The FIA has declared a heat hazard for this weekend’s Austrian Grand Prix, forcing Formula 1 teams to prepare driver-cooling systems before track running begins at the Red Bull Ring.
The measure, confirmed ahead of the Spielberg weekend, is triggered when official forecasts predict temperatures of 31C or higher during a Sprint or Grand Prix. Formula 1’s own explainer says the rule was introduced after the extreme conditions of the 2023 Qatar Grand Prix and forms part of the sport’s wider driver-safety response.
Why Austria now changes
Under the heat-hazard protocol, cars must be equipped to run the mandated cooling system. Drivers can still choose not to wear the cooling vest, but teams have to account for the extra weight framework attached to that decision.
That turns a short, high-speed Austrian GP lap into a more complex set-up problem. The Red Bull Ring is listed by Formula 1 as a 4.326km circuit, with 71 laps and a 307.018km race distance, leaving little margin if cockpit temperatures climb through race stints.

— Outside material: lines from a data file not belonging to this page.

(* Let $p\in\mathbf{R}_+^n$, $K=(K_1,\dots,K_n)\in\mathbf{R}_{++}^n$, $w\in\mathbf{R}_{++}^n$ and $K_0>0$. Consider \[ p^{\inf}=\inf\Big\{\mathbf{E}_{\pi}(w^{T}x-K_0)_+ \;:\; \pi \mbox{ a probability measure on }\mathbf{R}_+^n,\ \mathbf{E}_{\pi}(x_i-K_i)_+=p_i,\ i=1,\dots,n\Big\}. \] Then \[ p^{\inf}=\inf_{\nu}\Big\{\sum_{i=1}^n\big(p_iw_i-\nu_i(K_0-w_iK_i)_+\big)_+ \;:\; \nu\in\mathbf{R}^n,\ \nu\ge 0,\ \textstyle\sum_i\nu_i=1\Big\}, \] and this value equals \[ \sum_{\{i:\,K_iw_i\ge K_0\}}p_iw_i+\max_{\{j:\,K_jw_j<K_0\}}\Big(\sum_{\{i:\,K_iw_i<K_0\}}p_iw_i\min\Big(1,\frac{K_0-K_jw_j}{K_0-K_iw_i}\Big)-K_0+w_jK_j\Big)_+ , \] where the maximum over an empty index set is taken to be $0$. Moreover, the infimum $p^{\inf}$ is attained or approached by a sequence of discrete probability measures satisfying the constraints.
   Context: $(y)_+=\max(y,0)$. $\mathbf{R}_{++}^n$ denotes vectors with strictly positive components. *)

theory Defs
  imports "HOL-Probability.Probability"
begin

definition posp :: "real \<Rightarrow> real" where
  "posp y = max y 0"

definition call_feasible :: "real^'n \<Rightarrow> real^'n \<Rightarrow> (real^'n) measure \<Rightarrow> bool" where
  "call_feasible p K M \<longleftrightarrow>
     prob_space M \<and> sets M = sets borel \<and> (AE x in M. \<forall>i. 0 \<le> x$i) \<and>
     (\<forall>i. (\<integral>\<^sup>+ x. ennreal (posp (x$i - K$i)) \<partial>M) = ennreal (p$i))"

definition basket_obj :: "real^'n \<Rightarrow> real \<Rightarrow> (real^'n) measure \<Rightarrow> ennreal" where
  "basket_obj w K0 M = (\<integral>\<^sup>+ x. ennreal (posp ((\<Sum>i\<in>UNIV. w$i * x$i) - K0)) \<partial>M)"

definition p_inf :: "real^'n \<Rightarrow> real^'n \<Rightarrow> real^'n \<Rightarrow> real \<Rightarrow> ennreal" where
  "p_inf p K w K0 = (INF M\<in>{M. call_feasible p K M}. basket_obj w K0 M)"

definition dual_value :: "real^'n \<Rightarrow> real^'n \<Rightarrow> real^'n \<Rightarrow> real \<Rightarrow> real" where
  "dual_value p K w K0 =
     (INF \<nu>\<in>{\<nu>::real^'n. (\<forall>i. 0 \<le> \<nu>$i) \<and> (\<Sum>i\<in>UNIV. \<nu>$i) = 1}.
        (\<Sum>i\<in>UNIV. posp (p$i * w$i - \<nu>$i * posp (K0 - w$i * K$i))))"

definition discrete_borel :: "(real^'n) pmf \<Rightarrow> (real^'n) measure" where
  "discrete_borel P = distr (measure_pmf P) borel (\<lambda>x. x)"

definition closed_form :: "real^'n \<Rightarrow> real^'n \<Rightarrow> real^'n \<Rightarrow> real \<Rightarrow> real" where
  "closed_form p K w K0 =
     (\<Sum>i\<in>{i. K$i * w$i \<ge> K0}. p$i * w$i) +
     (let J = {j. K$j * w$j < K0} in
      if J = {} then 0 else
      Max ((\<lambda>j. posp ((\<Sum>i\<in>J. p$i * w$i * min 1 ((K0 - K$j * w$j) / (K0 - K$i * w$i)))
                       - K0 + w$j * K$j)) ` J))"

end

(*
  A pointwise inequality gives weak duality: if 0 <= lam i <= 1 and
  lam i * (K0 - w_i K_i)_+ <= c for all i, then on the positive orthant
  sum_i lam i w_i (x_i - K_i)_+ <= (w^T x - K0)_+ + c, so integrating against any
  feasible measure bounds the basket price from below by sum_i lam i w_i p_i - c.
  The best such bound, with lam i = min 1 (x / a_i), a_i = K0 - w_i K_i and c = x,
  is a concave piecewise linear function of the single variable x, maximal at 0 or
  at a kink a_j; this is the closed form. The slopes around the maximising kink
  produce a dual vector nu with the same value, and nu is approached by discrete
  measures that put mass nu_i on the point (K_i + p_i / nu_i) e_i and the rest on 0,
  which satisfy the call constraints exactly.
*)
theory Submission
  imports Defs
begin

lemma posp_nonneg: "0 \<le> posp y"
  by (simp add: posp_def)

lemma posp_mult: "0 \<le> t \<Longrightarrow> t * posp y = posp (t * y)"
  by (simp add: posp_def max_mult_distrib_left)

lemma posp_add_le: "0 \<le> d \<Longrightarrow> posp (y + d) \<le> posp y + d"
  by (simp add: posp_def)

lemma mult_le_posp: "0 \<le> m \<Longrightarrow> m \<le> 1 \<Longrightarrow> m * y \<le> posp y"
  by (cases "0 \<le> y") (auto simp: posp_def mult_left_le_one_le mult_nonneg_nonpos)

text \<open>Convexity of \<open>t \<mapsto> (t - b)\<^sub>+\<close> on \<open>[0, K0]\<close>, where it vanishes at \<open>0\<close>.\<close>
lemma posp_diff_le_chord:
  assumes "0 \<le> y" "y \<le> K0" "0 \<le> b" "0 < K0"
  shows "posp (y - b) \<le> y / K0 * posp (K0 - b)"
proof (cases "y \<le> b")
  case True
  then show ?thesis using assms by (simp add: posp_def)
next
  case False
  have "y * b \<le> K0 * b" using assms by (intro mult_right_mono) auto
  then have "y - b \<le> y / K0 * (K0 - b)" using assms by (simp add: field_simps)
  then show ?thesis using False assms by (simp add: posp_def)
qed

lemma sum_weighted_posp_le_of_sum_le:
  assumes "finite S" and y: "\<forall>i\<in>S. 0 \<le> y i" and b: "\<forall>i\<in>S. 0 \<le> b i"
    and lam: "\<forall>i\<in>S. 0 \<le> lam i" and c: "\<forall>i\<in>S. lam i * posp (K0 - b i) \<le> c"
    and "0 < K0" "0 \<le> c" and sum_y: "(\<Sum>i\<in>S. y i) \<le> K0"
  shows "(\<Sum>i\<in>S. lam i * posp (y i - b i)) \<le> c"
proof -
  have y_le: "y i \<le> K0" if "i \<in> S" for i
    using member_le_sum[of i S y] assms that by auto
  have "(\<Sum>i\<in>S. lam i * posp (y i - b i)) \<le> (\<Sum>i\<in>S. y i / K0 * (lam i * posp (K0 - b i)))"
  proof (intro sum_mono)
    fix i assume "i \<in> S"
    then have "lam i * posp (y i - b i) \<le> lam i * (y i / K0 * posp (K0 - b i))"
      using posp_diff_le_chord[of "y i" K0 "b i"] y b y_le lam assms(6)
      by (intro mult_left_mono) auto
    then show "lam i * posp (y i - b i) \<le> y i / K0 * (lam i * posp (K0 - b i))"
      by (simp add: mult_ac)
  qed
  also have "\<dots> \<le> (\<Sum>i\<in>S. y i / K0 * c)"
    using y c assms(6) by (intro sum_mono mult_left_mono) auto
  also have "\<dots> = (\<Sum>i\<in>S. y i) / K0 * c"
    by (simp add: sum_distrib_right sum_divide_distrib)
  also have "\<dots> \<le> c"
    using sum_y sum_nonneg[of S y] y assms(6,7) by (intro mult_left_le_one_le) auto
  finally show ?thesis .
qed

text \<open>If the total exceeds \<open>K0\<close>, scale \<open>y\<close> down to total \<open>K0\<close>; since \<open>lam i \<le> 1\<close>, the
  left side grows by at most the excess.\<close>
lemma sum_weighted_posp_le:
  assumes "finite S" and y: "\<forall>i\<in>S. 0 \<le> y i" and b: "\<forall>i\<in>S. 0 \<le> b i"
    and lam: "\<forall>i\<in>S. 0 \<le> lam i \<and> lam i \<le> 1" and c: "\<forall>i\<in>S. lam i * posp (K0 - b i) \<le> c"
    and "0 < K0" "0 \<le> c"
  shows "(\<Sum>i\<in>S. lam i * posp (y i - b i)) \<le> posp ((\<Sum>i\<in>S. y i) - K0) + c"
proof (cases "(\<Sum>i\<in>S. y i) \<le> K0")
  case True
  then show ?thesis
    using sum_weighted_posp_le_of_sum_le[OF assms(1-3) _ c assms(6,7)] lam
      posp_nonneg[of "(\<Sum>i\<in>S. y i) - K0"]
    by fastforce
next
  case False
  define s where "s = (\<Sum>i\<in>S. y i)"
  define t where "t = K0 / s"
  define y' where "y' i = t * y i" for i
  have "K0 < s" using False by (simp add: s_def)
  then have t: "0 < t" "t \<le> 1" using assms(6) by (auto simp: t_def)
  have y': "\<forall>i\<in>S. 0 \<le> y' i" using y t by (simp add: y'_def)
  have "(\<Sum>i\<in>S. y' i) = t * s" by (simp add: y'_def s_def sum_distrib_left)
  then have sum_y': "(\<Sum>i\<in>S. y' i) = K0" using \<open>K0 < s\<close> assms(6) by (simp add: t_def)
  have "(\<Sum>i\<in>S. lam i * posp (y i - b i)) \<le> (\<Sum>i\<in>S. lam i * posp (y' i - b i) + (y i - y' i))"
  proof (intro sum_mono)
    fix i assume i: "i \<in> S"
    have d: "0 \<le> y i - y' i" using y i t by (simp add: y'_def mult_left_le_one_le)
    have "lam i * posp (y i - b i) \<le> lam i * (posp (y' i - b i) + (y i - y' i))"
      using posp_add_le[OF d, of "y' i - b i"] lam i by (intro mult_left_mono) auto
    also have "\<dots> \<le> lam i * posp (y' i - b i) + (y i - y' i)"
      using lam i d by (simp add: distrib_left mult_left_le_one_le)
    finally show "lam i * posp (y i - b i) \<le> lam i * posp (y' i - b i) + (y i - y' i)" .
  qed
  also have "\<dots> = (\<Sum>i\<in>S. lam i * posp (y' i - b i)) + (s - K0)"
    by (simp add: sum.distrib sum_subtractf s_def sum_y')
  also have "\<dots> \<le> c + (s - K0)"
    using sum_weighted_posp_le_of_sum_le[OF assms(1) y' b _ c assms(6,7)] sum_y' lam by auto
  also have "\<dots> = posp (s - K0) + c" using \<open>K0 < s\<close> by (simp add: posp_def)
  finally show ?thesis unfolding s_def .
qed

lemma borel_measurable_posp [measurable]:
  "f \<in> borel_measurable M \<Longrightarrow> (\<lambda>x. posp (f x)) \<in> borel_measurable M"
  unfolding posp_def by measurable

lemma ennreal_sum_mult:
  assumes "\<And>i. i \<in> S \<Longrightarrow> 0 \<le> f i" "\<And>i. i \<in> S \<Longrightarrow> 0 \<le> g i"
  shows "ennreal (\<Sum>i\<in>S. f i * g i) = (\<Sum>i\<in>S. ennreal (f i) * ennreal (g i))"
  using assms by (simp add: sum_ennreal[symmetric] ennreal_mult)

lemma call_feasibleD:
  assumes "call_feasible p K M"
  shows "prob_space M" "sets M = sets borel" "AE x in M. \<forall>i. 0 \<le> x$i"
    "\<And>i. (\<integral>\<^sup>+ x. ennreal (posp (x$i - K$i)) \<partial>M) = ennreal (p$i)"
  using assms unfolding call_feasible_def by auto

Norris image underlines the point
F1’s Austrian GP page is already framing the topic around cooling equipment, including imagery of Lando Norris with a cooling vest. That makes the declaration more than a weather note; it is now a live technical and human-performance variable for McLaren, Ferrari, Mercedes and Red Bull.
The weekend opens with Friday practice before qualifying on Saturday and Sunday’s 71-lap race. ReadMotorSport’s wider Austrian Grand Prix coverage now has a fresh safety and strategy thread to follow from FP1 onward.